§ Problem description:
Within the material, how many of the lines include the word "assoc"? State only that number.

====== Input for this task ======

lemma idem3_left:
  "a \<in> S \<Longrightarrow> b \<in> S \<Longrightarrow> c \<in> S \<Longrightarrow> r \<in> S \<Longrightarrow> a \<cdot> b \<cdot> c \<cdot> a \<cdot> b \<cdot> c \<cdot> r = a \<cdot> b \<cdot> c \<cdot> r"
  using idem_left[of "a \<cdot> b \<cdot> c" r] by (simp only: assoc closed)

lemma idem4: "a \<in> S \<Longrightarrow> b \<in> S \<Longrightarrow> c \<in> S \<Longrightarrow> d \<in> S \<Longrightarrow>
    a \<cdot> b \<cdot> c \<cdot> d \<cdot> a \<cdot> b \<cdot> c \<cdot> d = a \<cdot> b \<cdot> c \<cdot> d"
  using idem[of "a \<cdot> b \<cdot> c \<cdot> d"] by (simp only: assoc closed)

lemma idem4_left: "a \<in> S \<Longrightarrow> b \<in> S \<Longrightarrow> c \<in> S \<Longrightarrow> d \<in> S \<Longrightarrow> r \<in> S \<Longrightarrow>
    a \<cdot> b \<cdot> c \<cdot> d \<cdot> a \<cdot> b \<cdot> c \<cdot> d \<cdot> r = a \<cdot> b \<cdot> c \<cdot> d \<cdot> r"
  using idem_left[of "a \<cdot> b \<cdot> c \<cdot> d" r] by (simp only: assoc closed)

lemma sandwich_left:
  "a \<in> S \<Longrightarrow> b \<in> S \<Longrightarrow> r \<in> S \<Longrightarrow> a \<cdot> b \<cdot> a = a \<Longrightarrow> a \<cdot> b \<cdot> a \<cdot> r = a \<cdot> r"
  by (metis assoc closed)

lemma sandwich_trans:
  assumes x: "x \<in> S" and y: "y \<in> S" and w: "w \<in> S"
    and xy: "x \<cdot> y \<cdot> x = x" and yw: "y \<cdot> w \<cdot> y = y"
  shows "x \<cdot> w \<cdot> x = x"
proof -
  note hx = sandwich_left[OF x y _ xy] and hy = sandwich_left[OF y w _ yw]
  have "x \<cdot> w \<cdot> x = x \<cdot> y \<cdot> x \<cdot> w \<cdot> x" by (simp add: x y w hx)
  also have "\<dots> = x \<cdot> y \<cdot> w \<cdot> y \<cdot> x \<cdot> w \<cdot> x" by (simp add: x y w hy)
  also have "\<dots> = x \<cdot> y \<cdot> w \<cdot> x \<cdot> y \<cdot> w \<cdot> y \<cdot> x \<cdot> w \<cdot> x"
    using idem3_left[of x y w "y \<cdot> x \<cdot> w \<cdot> x"] by (simp add: x y w)
  also have "\<dots> = x \<cdot> y \<cdot> w \<cdot> x \<cdot> y \<cdot> x \<cdot> w \<cdot> x" by (simp add: x y w hy)
  also have "\<dots> = x \<cdot> y \<cdot> w \<cdot> x \<cdot> y \<cdot> x \<cdot> w \<cdot> x \<cdot> y \<cdot> x" by (simp add: x y w xy)
  also have "\<dots> = x \<cdot> y \<cdot> w \<cdot> x \<cdot> y \<cdot> x" using idem4[of w x y x] by (simp add: x y w)
  also have "\<dots> = x \<cdot> y \<cdot> w \<cdot> x \<cdot> y \<cdot> w \<cdot> y \<cdot> x" by (simp add: x y w hy)
  also have "\<dots> = x \<cdot> y \<cdot> w \<cdot> y \<cdot> x" using idem3_left[of x y w "y \<cdot> x"] by (simp add: x y w)
  also have "\<dots> = x \<cdot> y \<cdot> x" by (simp add: x y w hy)
  finally show ?thesis using xy by simp
qed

======

§ Expected answer:
4